#### REQUIRED ACTION:
Your job with the data below is to output exactly the lines from the one holding "(\<lambda>_. borel) Y" down to the one holding "in iid \<theta>.", both included, and no others.

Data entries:
lemma hoeffding_iid_average:
  assumes th: "prob_space \<theta>" and g: "g \<in> borel_measurable \<theta>"
    and g01: "\<And>a. a \<in> space \<theta> \<Longrightarrow> 0 \<le> g a \<and> g a \<le> 1" and \<epsilon>: "\<epsilon> \<ge> 0"
  shows "measure (iid \<theta>) {x\<in>space (iid \<theta>).
      \<epsilon> \<le> \<bar>(\<Sum>k<Suc n. g (x (int k))) / real (Suc n) - integral\<^sup>L \<theta> g\<bar>}
    \<le> 2 * exp (- 2 * real (Suc n) * \<epsilon>\<^sup>2)"
proof -
  interpret P: prob_space "iid \<theta>" by (rule prob_space_iid[OF th])
  define Y where "Y = (\<lambda>(j::int) (x::int \<Rightarrow> 'a). g (x j))"
  define I where "I = int ` {..<Suc n}"
  have cI: "card I = Suc n" unfolding I_def by (simp add: card_image)
  have comp: "(\<lambda>x. x j) \<in> iid \<theta> \<rightarrow>\<^sub>M \<theta>" for j :: int by (rule measurable_component_singleton) auto
  have coord: "distr (iid \<theta>) \<theta> (\<lambda>x. x j) = \<theta>" for j :: int
    by (rule distr_PiM_component) (auto intro: th)
  have dY: "distr (iid \<theta>) borel (Y j) = distr \<theta> borel g" for j
    unfolding Y_def using distr_distr[OF g comp] by (simp add: comp_def coord)
  have "integral\<^sup>L (distr (iid \<theta>) \<theta> (\<lambda>x. x 0)) g = P.expectation (\<lambda>x. g (x 0))"
    by (rule integral_distr[OF comp g])
  then have EY: "P.expectation (Y 0) = integral\<^sup>L \<theta> g" by (simp add: Y_def coord)
  interpret Hf: Hoeffding_ineq_iid "iid \<theta>" I Y "Y 0" 0 1 "integral\<^sup>L \<theta> g"
  proof unfold_locales
    show "finite I" by (simp add: I_def)
    show "P.indep_vars (\<lambda>_. borel) Y I"
      unfolding Y_def
      by (rule P.indep_vars_subset[OF P.indep_vars_compose2[OF indep_vars_iid_coordinates[OF th] g]]) auto
    show "distr (iid \<theta>) borel (Y i) = distr (iid \<theta>) borel (Y 0)" for i by (simp add: dY)
    show "Y 0 \<in> borel_measurable (iid \<theta>)" unfolding Y_def by (rule measurable_compose[OF comp g])
    show "AE x in iid \<theta>. Y 0 x \<in> {0..1}"
      using g01 by (intro AE_I2) (auto simp: Y_def space_PiM)
    show "integral\<^sup>L \<theta> g \<equiv> P.expectation (Y 0)" using EY by simp
  qed
  have sums: "(\<Sum>i\<in>I. Y i x) = (\<Sum>k<Suc n. g (x (int k)))" for x
    unfolding I_def Y_def by (subst sum.reindex) auto
  have "P.prob {x\<in>space (iid \<theta>). \<bar>(\<Sum>i\<in>I. Y i x) / real (card I) - integral\<^sup>L \<theta> g\<bar> \<ge> \<epsilon>}
      \<le> 2 * exp (- 2 * real (card I) * \<epsilon>\<^sup>2 / (1 - 0)\<^sup>2)"
    using \<epsilon> by (intro Hf.Hoeffding_ineq_abs_ge') (auto simp: I_def)
  then show ?thesis unfolding sums cI by simp
qed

#### EXPECTED ANSWER:
    show "P.indep_vars (\<lambda>_. borel) Y I"
      unfolding Y_def
      by (rule P.indep_vars_subset[OF P.indep_vars_compose2[OF indep_vars_iid_coordinates[OF th] g]]) auto
    show "distr (iid \<theta>) borel (Y i) = distr (iid \<theta>) borel (Y 0)" for i by (simp add: dY)
    show "Y 0 \<in> borel_measurable (iid \<theta>)" unfolding Y_def by (rule measurable_compose[OF comp g])
    show "AE x in iid \<theta>. Y 0 x \<in> {0..1}"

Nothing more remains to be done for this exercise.